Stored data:
╭──
lemma chordal_no_cycle_through_degree_two_vertex:
  assumes ch: "chordal V F" and np: "{n, p} \<notin> F" and nbrs: "\<And>w. {i, w} \<in> F \<Longrightarrow> w \<in> {p, n, i}"
    and "graph_cycle F vs" "set vs \<subseteq> V" "4 \<le> length vs"
    and "vs ! 0 = i" "vs ! 1 = n" "vs ! (length vs - 1) = p"
  shows False
  using assms(4-)
proof (induction "length vs" arbitrary: vs rule: less_induct)
  \<comment> \<open>A chord avoids \<open>i\<close> and is not \<open>{n, p}\<close>; cutting along it keeps \<open>p, i, n\<close> consecutive.\<close>
  case less
  define L where "L = length vs"
  have dist: "vs ! x = vs ! y \<longleftrightarrow> x = y" if "x < L" "y < L" for x y
    using less.prems(1) that by (simp add: graph_cycle_def nth_eq_iff_index_eq L_def)
  obtain u w where uw: "u < L" "w < L" "u \<noteq> w" "w \<noteq> (u + 1) mod L" "u \<noteq> (w + 1) mod L"
    "{vs ! u, vs ! w} \<in> F"
    using ch less.prems unfolding chordal_iff_cycles_have_chords has_chord_def L_def by blast
  obtain a b where ab: "a < b" "b < L" "b \<noteq> (a + 1) mod L" "a \<noteq> (b + 1) mod L"
    "{vs ! a, vs ! b} \<in> F"
  proof (cases "u < w")
    case True
    then show ?thesis using uw by (intro that[of u w]) auto
  next
    case False
    then show ?thesis using uw by (intro that[of w u]) (auto simp: insert_commute)
  qed
  have ab_step: "b \<noteq> a + 1" using ab(1-3) by simp
  have ab_wrap: "\<not> (a = 0 \<and> b = L - 1)" using ab(2,4) by auto
  have "a \<noteq> 0"
  proof
    assume "a = 0"
    then have "vs ! b \<in> {vs ! (L - 1), vs ! 1, vs ! 0}"
      using nbrs ab(5) less.prems(4-) by (simp add: L_def)
    moreover have "0 < L" "1 < L" "L - 1 < L" using less.prems(3) by (auto simp: L_def)
    ultimately have "b = L - 1 \<or> b = 1 \<or> b = 0"
      using dist[of b "L - 1"] dist[of b 1] dist[of b 0] ab(2) by blast
    then show False using ab(1) ab_step ab_wrap \<open>a = 0\<close> by auto
  qed
  show False
  proof (cases "a = 1 \<and> b = L - 1")
    case True
    then show ?thesis using ab(5) np less.prems(5,6) by (simp add: L_def insert_commute)
  next
    case False
    define ws where "ws = take (Suc a) vs @ drop b vs"
    have len: "length ws = Suc a + L - b" using ab by (simp add: ws_def L_def)
    have "ws ! 0 = i" "ws ! 1 = n" "ws ! (length ws - 1) = p"
      using ab \<open>a \<noteq> 0\<close> less.prems(4-) by (auto simp: ws_def L_def nth_append)
    moreover have "graph_cycle F ws"
      unfolding ws_def using less.prems(1) ab by (intro graph_cycle_shortcut) (auto simp: L_def)
    moreover have "set ws \<subseteq> V"
      using less.prems(2) set_take_subset[of "Suc a" vs] set_drop_subset[of b vs] by (auto simp: ws_def)
    moreover have "4 \<le> length ws" "length ws < length vs"
      using ab(1,2) ab_step \<open>a \<noteq> 0\<close> False len by (auto simp: L_def)
    ultimately show False using less.hyps by blast
  qed
qed

lemma chordal_if_simplicial_vertex_and_complete_but_one_pair:
  assumes "simplicial F V v"
    and "\<And>a b. a \<in> V \<Longrightarrow> b \<in> V \<Longrightarrow> a \<noteq> b \<Longrightarrow> a \<noteq> v \<Longrightarrow> b \<noteq> v \<Longrightarrow> {a, b} \<noteq> {r1, r2} \<Longrightarrow> {a, b} \<in> F"
  shows "chordal V F"
proof (rule chordal_if_simplicial_vertices)
  fix W assume W: "W \<subseteq> V" "4 \<le> card W"
  show "\<exists>u\<in>W. simplicial F W u"
  proof (cases "v \<in> W")
    case True
    then show ?thesis using assms(1) W(1) by (auto simp: simplicial_def)
  next
    case False
    obtain u where "u \<in> W" "v \<notin> W - {u}" "r1 \<notin> W - {u}"
      using W(2) False by (cases "r1 \<in> W") (fastforce dest: card_ge_0_finite)+
    then have "simplicial F W u"
      using assms(2) W(1) by (auto simp: simplicial_def doubleton_eq_iff)
    then show ?thesis using \<open>u \<in> W\<close> by blast
  qed
qed

lemma cyc_ext_iff:
  assumes "0 < k"
  shows "{a, b} \<in> cyc_ext k \<longleftrightarrow> a < k \<and> b < k \<and> (b = (a + 1) mod k \<or> a = (b + 1) mod k)"
  using assms by (auto simp: cyc_ext_def doubleton_eq_iff insert_commute)

lemma cyc_Ec_iff: "{a, b} \<in> cyc_Ec k \<longleftrightarrow> a < k \<and> b < k \<and> a \<noteq> b \<and> {a, b} \<notin> cyc_ext k"
  by (auto simp: cyc_Ec_def two_subsets_def doubleton_eq_iff)

lemma cyc_Ec_elim:
  assumes "E \<in> cyc_Ec k"
  obtains a b where "E = {a, b}" "a < k" "b < k" "a \<noteq> b"
  using assms by (auto simp: cyc_Ec_def two_subsets_def)

lemma exists_without_cyclic_predecessor:
  fixes W :: "nat set"
  assumes "W \<subseteq> {0..<k}" "j < k" "j \<notin> W" "W \<noteq> {}"
  obtains v where "v \<in> W" "\<And>u. u \<in> W \<Longrightarrow> v \<noteq> (u + 1) mod k"
proof (cases "\<exists>w\<in>W. j < w")
  case True
  define v where "v = Min {w\<in>W. j < w}"
  have fin: "finite W" using assms(1) finite_subset by blast
  have "v \<in> {w\<in>W. j < w}" unfolding v_def using fin True by (intro Min_in) auto
  then have v: "v \<in> W" "j < v" by auto
  have "v \<noteq> (u + 1) mod k" if "u \<in> W" for u
  proof
    assume "v = (u + 1) mod k"
    moreover have "u < k" using assms(1) that by auto
    ultimately have "v = u + 1" using v by (cases "u + 1 = k") auto
    moreover have "u \<noteq> j" using assms(3) that by auto
    ultimately have "j < u" using v by linarith
    then have "v \<le> u" using fin that by (auto simp: v_def intro: Min_le)
    then show False using \<open>v = u + 1\<close> by simp
  qed
  then show ?thesis using that v by blast
next
  case False
  define v where "v = Min W"
  have fin: "finite W" using assms(1) finite_subset by blast
  then have v: "v \<in> W" using assms(4) by (simp add: v_def)
  have "v \<noteq> (u + 1) mod k" if "u \<in> W" for u
  proof
    assume "v = (u + 1) mod k"
    moreover have "u < j" using False assms(3) that by (metis linorder_neqE_nat)
    ultimately have "v = u + 1" using assms(2) by simp
    moreover have "v \<le> u" using fin that by (simp add: v_def)
    ultimately show False by simp
  qed
  then show ?thesis using that v by blast
qed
╰──
## The task:
Looking at the entries above, state how many lines contain "assumes"; give the number alone.

## Answer area:
5